Br J Clin Pharmacol. 1988 Aug;26(2):143-54. doi: 10.1111/j.1365-2125.1988.tb03380.x.

Abstract
  1. The renal and metabolic effects of the sulphamoylbenzoic acid diuretic, piretanide, have been studied, under controlled dietary conditions, in 39 patients with congestive cardiac failure. 2. In acute studies, peak saluresis occurred within 4 h of oral piretanide administration; saluresis was complete within 6 h, after which a significant antidiuretic effect was observed.
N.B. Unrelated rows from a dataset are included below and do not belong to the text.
(* For every $0<\alpha\le 1$ there exist $n$, $m$, a preference profile $\sigma$ on $n$ voters and $m$ alternatives, and two distributions $\mathcal{D}_1,\mathcal{D}_2$ both supported on $[0,1]$ such that no alternative $j\in A$ satisfies both $\mathbb{E}_{\mathcal{D}_1}[\mathrm{sw}(j,u)]\ge\alpha\max_{k\in A}\mathbb{E}_{\mathcal{D}_1}[\mathrm{sw}(k,u)]$ and $\mathbb{E}_{\mathcal{D}_2}[\mathrm{sw}(j,u)]\ge\alpha\max_{k\in A}\mathbb{E}_{\mathcal{D}_2}[\mathrm{sw}(k,u)]$.
   Context: There are $n$ voters and $m$ alternatives $A=\{1,\dots,m\}$. A preference profile $\sigma$ consists of a ranking of $A$ for each voter. Given a distribution $\mathcal{D}$ and profile $\sigma$, a random utility profile $u$ consistent with $\sigma$ is generated as follows: independently for each voter $i$, draw $m$ i.i.d. samples from $\mathcal{D}$ and assign them, from highest to lowest, to the alternatives in the order of voter $i$'s ranking. The social welfare of $j$ is $\mathrm{sw}(j,u)=\sum_i u_{ij}$; $\mathbb{E}_{\mathcal{D}}$ denotes expectation over $u$ generated with distribution $\mathcal{D}$. *)

theory Defs
  imports "HOL-Probability.Probability"
begin

(* A preference profile sigma gives, for each voter i, the rank position
   sigma i j of alternative j (0 = most preferred); it must be a bijection
   {..<m} -> {..<m} for every voter. *)
definition is_profile :: "nat \<Rightarrow> nat \<Rightarrow> (nat \<Rightarrow> nat \<Rightarrow> nat) \<Rightarrow> bool" where
  "is_profile n m \<sigma> \<longleftrightarrow> (\<forall>i<n. bij_betw (\<sigma> i) {..<m} {..<m})"

definition unit_supported :: "real measure \<Rightarrow> bool" where
  "unit_supported D \<longleftrightarrow> prob_space D \<and> sets D = sets borel \<and> measure D {0..1} = 1"

definition desc_nth :: "(nat \<Rightarrow> real) \<Rightarrow> nat \<Rightarrow> nat \<Rightarrow> real" where
  "desc_nth x m k = rev (sort (map x [0..<m])) ! k"

(* Samples: s i k is the k-th of the m i.i.d. draws of voter i.
   The utility of voter i for alternative j: the samples sorted from highest to
   lowest are assigned in the order of voter i's ranking. *)
definition utility :: "nat \<Rightarrow> (nat \<Rightarrow> nat \<Rightarrow> nat) \<Rightarrow> (nat \<Rightarrow> nat \<Rightarrow> real) \<Rightarrow> nat \<Rightarrow> nat \<Rightarrow> real" where
  "utility m \<sigma> s i j = desc_nth (s i) m (\<sigma> i j)"

definition sample_space :: "nat \<Rightarrow> nat \<Rightarrow> real measure \<Rightarrow> (nat \<Rightarrow> nat \<Rightarrow> real) measure" where
  "sample_space n m D = PiM {..<n} (\<lambda>_. PiM {..<m} (\<lambda>_. D))"

definition sw :: "nat \<Rightarrow> nat \<Rightarrow> (nat \<Rightarrow> nat \<Rightarrow> nat) \<Rightarrow> (nat \<Rightarrow> nat \<Rightarrow> real) \<Rightarrow> nat \<Rightarrow> real" where
  "sw n m \<sigma> s j = (\<Sum>i<n. utility m \<sigma> s i j)"
(* Proof idea.  Write X for the total supply, c_n = C_n'(0) for the marginal cost at zero and
   c = min_n c_n for the cheapest marginal cost.

   Since p is nonincreasing, its left derivative is nonpositive, so the
   optimality condition of an active supplier gives C_n'(x_n) <= p(X).  Convexity with C_n(0) = 0
   gives C_n(x_n) <= x_n C_n'(x_n) <= x_n p(X), hence total cost <= X p(X) <= integral_0^X p.
   One of the two inequalities is strict: if p(X) < p(0) the integral is strictly larger than
   the rectangle X p(X); if p(X) = p(0) > c, the cheapest supplier must be active and, because
   its average cost tends to c < p(X) at zero, its cost is strictly below x_m p(X).

   Every cost satisfies C_n(y) >= c y and p <= c beyond R, so W <= R p(0)
   everywhere and the supremum exists; letting only the cheapest supplier produce a small
   amount e yields positive welfare, because its average cost near 0 is below p(e). *)

section \<open>Convex cost functions vanishing at zero\<close>

lemma convex_average_mono:
  fixes C :: "real \<Rightarrow> real"
  assumes cv: "convex_on {0..} C" and C0: "C 0 = 0" and s: "0 < s" "s \<le> t"
  shows "C s / s \<le> C t / t"
proof -
  have t: "0 < t" using s by linarith
  have "C ((1 - s/t) *\<^sub>R 0 + (s/t) *\<^sub>R t) \<le> (1 - s/t) * C 0 + (s/t) * C t"
    by (rule convex_onD[OF cv]) (use s t in auto)
  hence "C s \<le> (s/t) * C t" using t C0 by simp
  thus ?thesis using s t by (simp add: field_simps)
qed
Addition of triamterene, 50 mg, blunted the 0-6 h kaliuretic effect of piretanide. Over 24 h, piretanide, alone, caused insignificant urinary losses of potassium when compared with control. 3. In comparative studies, the piretanide dose-response curve was found to be parallel to that of frusemide over the dose range studied. The 0-6 h saluretic responses of piretanide, 6, 12 and 18 mg, were found to be equivalent to frusemide, 40, 80 and 120 mg respectively. The collective mean ratios of all the saluretic responses to each dose of piretanide with the corresponding dose of frusemide was observed to be 0.99 +/- 0.12, over 0-6 h period, and 0.86 +/- 0.09 over the 24 h period. The relative potency of piretanide, when compared with frusemide was found to be 6.18 (95% confidence limits 4.87-8.33), over the 0-6 h period, and 4.73 (95% confidence limits 3.65-6.14), over 24 h period. 4. In 15 patients in severe cardiac failure, urinary recovery of piretanide, over first 6 h, at the start of treatment was 21.2 +/- 2.1% while efficiency of the diuretic (mmol Na/mg drug) was 47.3 +/- 4.1. Long-term piretanide therapy was continued in the same group for up to and in some cases over 3 years. No other diuretics or potassium supplements were given. Piretanide dosage ranged from 6 to 24 mg day-1 according to clinical need. Plasma potassium fell significantly at 12 and 24 months, though remaining within the normal range. At these same times, significant elevations in both plasma urate and total fasting cholesterol were observed. Two patients developed overt gout on high dose piretanide therapy (24 mg day-1). Piretanide was well tolerated, and effective in the management of congestive cardiac failure without any other recognized metabolic or electrolyte changes.
摘要
  1. 在可控饮食条件下,对39例充血性心力衰竭患者研究了氨磺酰苯甲酸类利尿剂吡咯他尼的肾脏和代谢效应。2. 在急性研究中,口服吡咯他尼后4小时内出现最大利尿作用;6小时内利尿作用结束,之后观察到显著的抗利尿作用。加用50毫克氨苯蝶啶可减弱吡咯他尼0 - 6小时的排钾作用。与对照组相比,单独使用吡咯他尼24小时导致的钾尿流失不显著。3. 在对比研究中,发现在所研究的剂量范围内,吡咯他尼的剂量 - 反应曲线与呋塞米的平行。吡咯他尼6毫克、12毫克和18毫克0 - 6小时的利尿反应分别相当于呋塞米40毫克、80毫克和120毫克的利尿反应。在0 - 6小时期间,所有吡咯他尼剂量的利尿反应与相应剂量呋塞米的总体平均比值为0.99±0.12,24小时期间为0.86±0.09。与呋塞米相比,吡咯他尼在0 - 6小时期间的相对效价为6.18(95%置信区间4.87 - 8.33),24小时期间为4.73(95%置信区间3.65 - 6.14)。4. 在15例重度心力衰竭患者中,治疗开始时前6小时吡咯他尼的尿回收率为21.2±2.1%,而利尿剂效率(毫摩尔钠/毫克药物)为47.3±4.1。同一组患者持续进行吡咯他尼长期治疗长达3年,有些患者超过3年。未给予其他利尿剂或钾补充剂。根据临床需要,吡咯他尼剂量为每日6至24毫克。血浆钾在12个月和24个月时显著下降,尽管仍在正常范围内。在这些相同时间,观察到血浆尿酸盐和空腹总胆固醇均显著升高。两名患者在高剂量吡咯他尼治疗(每日24毫克)时出现明显痛风。吡咯他尼耐受性良好,在治疗充血性心力衰竭方面有效,且无任何其他公认的代谢或电解质变化。